*** Block opens ***

(* Let $S=(\mathcal{E},\Sigma,X,\mathcal{O})$ be an entity and for $A\subseteq X$ define $cl(A)=\bigcap\{X\setminus O(e,p): (e,p)\in\mathcal{E}\times\Sigma,\ O(e,p)\subseteq X\setminus A\}$ (the empty intersection being $X$). Then $cl$ is a closure operator on $X$; every $O(e,p)$ is open for this closure (i.e. $X\setminus O(e,p)$ is closed); for all $e,p$ and $A\subseteq X$, $O(e,p)\subseteq X\setminus cl(A)\iff O(e,p)\subseteq X\setminus A$; and $eig(A)=eig(int(A))$, where $int(A)=X\setminus cl(X\setminus A)$.
   Context: An entity $S=(\mathcal{E},\Sigma,X,\mathcal{O})$ consists of sets $\mathcal{E},\Sigma$ and for each $e\in\mathcal{E},p\in\Sigma$ a nonempty set $O(e,p)$, with $X=\bigcup O(e,p)$. A closure operator on $X$ is a map $cl:\mathcal{P}(X)\to\mathcal{P}(X)$ with $K\subseteq cl(K)$, $K\subseteq L\Rightarrow cl(K)\subseteq cl(L)$, $cl(cl(K))=cl(K)$, $cl(\emptyset)=\emptyset$. The central eigen map is $eig(A)=\{(e,p):O(e,p)\subseteq A\}$. *)

theory Defs
  imports Main
begin

definition entity :: "'e set \<Rightarrow> 'p set \<Rightarrow> ('e \<Rightarrow> 'p \<Rightarrow> 'x set) \<Rightarrow> bool" where
  "entity E Sig Out \<longleftrightarrow> (\<forall>e\<in>E. \<forall>p\<in>Sig. Out e p \<noteq> {})"

definition outcomes :: "'e set \<Rightarrow> 'p set \<Rightarrow> ('e \<Rightarrow> 'p \<Rightarrow> 'x set) \<Rightarrow> 'x set" where
  "outcomes E Sig Out = (\<Union>e\<in>E. \<Union>p\<in>Sig. Out e p)"

definition closure_operator :: "'x set \<Rightarrow> ('x set \<Rightarrow> 'x set) \<Rightarrow> bool" where
  "closure_operator X cl \<longleftrightarrow>
     (\<forall>K. K \<subseteq> X \<longrightarrow> cl K \<subseteq> X) \<and>
     (\<forall>K. K \<subseteq> X \<longrightarrow> K \<subseteq> cl K) \<and>
     (\<forall>K L. K \<subseteq> L \<and> L \<subseteq> X \<longrightarrow> cl K \<subseteq> cl L) \<and>
     (\<forall>K. K \<subseteq> X \<longrightarrow> cl (cl K) = cl K) \<and>
     cl {} = {}"

definition ent_cl :: "'e set \<Rightarrow> 'p set \<Rightarrow> ('e \<Rightarrow> 'p \<Rightarrow> 'x set) \<Rightarrow> 'x set \<Rightarrow> 'x set" where
  "ent_cl E Sig Out A =
     outcomes E Sig Out \<inter>
     \<Inter>{outcomes E Sig Out - Out e p | e p. e \<in> E \<and> p \<in> Sig \<and> Out e p \<subseteq> outcomes E Sig Out - A}"

definition ent_int :: "'e set \<Rightarrow> 'p set \<Rightarrow> ('e \<Rightarrow> 'p \<Rightarrow> 'x set) \<Rightarrow> 'x set \<Rightarrow> 'x set" where
  "ent_int E Sig Out A = outcomes E Sig Out - ent_cl E Sig Out (outcomes E Sig Out - A)"

definition eig :: "'e set \<Rightarrow> 'p set \<Rightarrow> ('e \<Rightarrow> 'p \<Rightarrow> 'x set) \<Rightarrow> 'x set \<Rightarrow> ('e \<times> 'p) set" where
  "eig E Sig Out A = {(e, p). e \<in> E \<and> p \<in> Sig \<and> Out e p \<subseteq> A}"

end

theory Submission
  imports Defs
begin

(* A point lies in cl A iff every outcome set containing it meets A. Consequently an outcome
   set is disjoint from cl A exactly when it is disjoint from A, and all four claims follow
   from this one equivalence. *)

lemma Out_subset_outcomes: "e \<in> E \<Longrightarrow> p \<in> Sig \<Longrightarrow> Out e p \<subseteq> outcomes E Sig Out"
  unfolding outcomes_def by blast

lemma mem_ent_cl_iff:
  "x \<in> ent_cl E Sig Out A \<longleftrightarrow>
     x \<in> outcomes E Sig Out \<and> (\<forall>e\<in>E. \<forall>p\<in>Sig. x \<in> Out e p \<longrightarrow> Out e p \<inter> A \<noteq> {})"
  unfolding ent_cl_def outcomes_def by blast

lemma ent_cl_subset_outcomes: "ent_cl E Sig Out A \<subseteq> outcomes E Sig Out"
  by (auto simp: mem_ent_cl_iff)

lemma outcomes_Int_subset_ent_cl: "outcomes E Sig Out \<inter> A \<subseteq> ent_cl E Sig Out A"
  by (auto simp: mem_ent_cl_iff)

lemma ent_cl_mono: "A \<subseteq> B \<Longrightarrow> ent_cl E Sig Out A \<subseteq> ent_cl E Sig Out B"
  unfolding subset_iff mem_ent_cl_iff by blast

lemma ent_cl_empty: "ent_cl E Sig Out {} = {}"
  by (auto simp: mem_ent_cl_iff outcomes_def)

lemma Out_disjoint_ent_cl_iff:
  assumes "e \<in> E" "p \<in> Sig"
  shows "Out e p \<inter> ent_cl E Sig Out A = {} \<longleftrightarrow> Out e p \<inter> A = {}"
proof
  assume "Out e p \<inter> ent_cl E Sig Out A = {}"
  moreover have "Out e p \<inter> A \<subseteq> ent_cl E Sig Out A"
    using outcomes_Int_subset_ent_cl[of E Sig Out A] Out_subset_outcomes[OF assms, of Out] by blast
  ultimately show "Out e p \<inter> A = {}" by blast
next
  assume "Out e p \<inter> A = {}"
  then have "x \<notin> ent_cl E Sig Out A" if "x \<in> Out e p" for x
    using that assms unfolding mem_ent_cl_iff by blast
  then show "Out e p \<inter> ent_cl E Sig Out A = {}" by blast
qed

lemma ent_cl_idem: "ent_cl E Sig Out (ent_cl E Sig Out A) = ent_cl E Sig Out A"
proof
  show "ent_cl E Sig Out (ent_cl E Sig Out A) \<subseteq> ent_cl E Sig Out A"
  proof
    fix x assume "x \<in> ent_cl E Sig Out (ent_cl E Sig Out A)"
    then have "x \<in> outcomes E Sig Out"
      and "\<forall>e\<in>E. \<forall>p\<in>Sig. x \<in> Out e p \<longrightarrow> Out e p \<inter> ent_cl E Sig Out A \<noteq> {}"
      unfolding mem_ent_cl_iff[of x _ _ _ "ent_cl E Sig Out A"] by blast+
    then show "x \<in> ent_cl E Sig Out A"
      unfolding mem_ent_cl_iff[of x] using Out_disjoint_ent_cl_iff[of _ E _ Sig Out A] by blast
  qed
  show "ent_cl E Sig Out A \<subseteq> ent_cl E Sig Out (ent_cl E Sig Out A)"
    using outcomes_Int_subset_ent_cl[of E Sig Out "ent_cl E Sig Out A"]
      ent_cl_subset_outcomes[of E Sig Out A] by blast
qed

lemma closure_operator_ent_cl: "closure_operator (outcomes E Sig Out) (ent_cl E Sig Out)"
  unfolding closure_operator_def
  using ent_cl_subset_outcomes outcomes_Int_subset_ent_cl ent_cl_mono ent_cl_idem ent_cl_empty
  by (metis inf.absorb_iff2)

lemma Out_subset_Diff_ent_cl_iff:
  assumes "e \<in> E" "p \<in> Sig"
  shows "Out e p \<subseteq> outcomes E Sig Out - ent_cl E Sig Out A
     \<longleftrightarrow> Out e p \<subseteq> outcomes E Sig Out - A"
  using Out_disjoint_ent_cl_iff[OF assms, of Out A] Out_subset_outcomes[OF assms, of Out] by blast

lemma ent_cl_complement_Out:
  assumes "e \<in> E" "p \<in> Sig"
  shows "ent_cl E Sig Out (outcomes E Sig Out - Out e p) = outcomes E Sig Out - Out e p"
proof
  have "Out e p \<inter> ent_cl E Sig Out (outcomes E Sig Out - Out e p) = {}"
    using Out_disjoint_ent_cl_iff[OF assms, of Out "outcomes E Sig Out - Out e p"] by blast
  then show "ent_cl E Sig Out (outcomes E Sig Out - Out e p) \<subseteq> outcomes E Sig Out - Out e p"
    using ent_cl_subset_outcomes[of E Sig Out] by blast
  show "outcomes E Sig Out - Out e p \<subseteq> ent_cl E Sig Out (outcomes E Sig Out - Out e p)"
    using outcomes_Int_subset_ent_cl[of E Sig Out "outcomes E Sig Out - Out e p"] by blast
qed

lemma eig_ent_int: "eig E Sig Out (ent_int E Sig Out A) = eig E Sig Out A"
proof -
  have "Out e p \<subseteq> ent_int E Sig Out A \<longleftrightarrow> Out e p \<subseteq> A" if "e \<in> E" "p \<in> Sig" for e p
    using Out_subset_Diff_ent_cl_iff[OF that, of Out "outcomes E Sig Out - A"]
      Out_subset_outcomes[OF that, of Out]
    unfolding ent_int_def by blast
  then show ?thesis
    unfolding eig_def by blast
qed

theorem mainTheorem18:
  fixes E :: "'e set" and Sig :: "'p set" and Out :: "'e \<Rightarrow> 'p \<Rightarrow> 'x set"
  assumes "entity E Sig Out"
  defines "X \<equiv> outcomes E Sig Out"
  shows "closure_operator X (ent_cl E Sig Out)
    \<and> (\<forall>e\<in>E. \<forall>p\<in>Sig. ent_cl E Sig Out (X - Out e p) = X - Out e p)
    \<and> (\<forall>e\<in>E. \<forall>p\<in>Sig. \<forall>A. A \<subseteq> X \<longrightarrow>
          (Out e p \<subseteq> X - ent_cl E Sig Out A \<longleftrightarrow> Out e p \<subseteq> X - A))
    \<and> (\<forall>A. A \<subseteq> X \<longrightarrow> eig E Sig Out A = eig E Sig Out (ent_int E Sig Out A))"
  unfolding X_def
  by (simp add: closure_operator_ent_cl ent_cl_complement_Out Out_subset_Diff_ent_cl_iff
      eig_ent_int)

end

*** Block closes ***

- Problem -
Check the entries above for the word "bool" and copy every line where it turns up.

- Result -
definition entity :: "'e set \<Rightarrow> 'p set \<Rightarrow> ('e \<Rightarrow> 'p \<Rightarrow> 'x set) \<Rightarrow> bool" where
definition closure_operator :: "'x set \<Rightarrow> ('x set \<Rightarrow> 'x set) \<Rightarrow> bool" where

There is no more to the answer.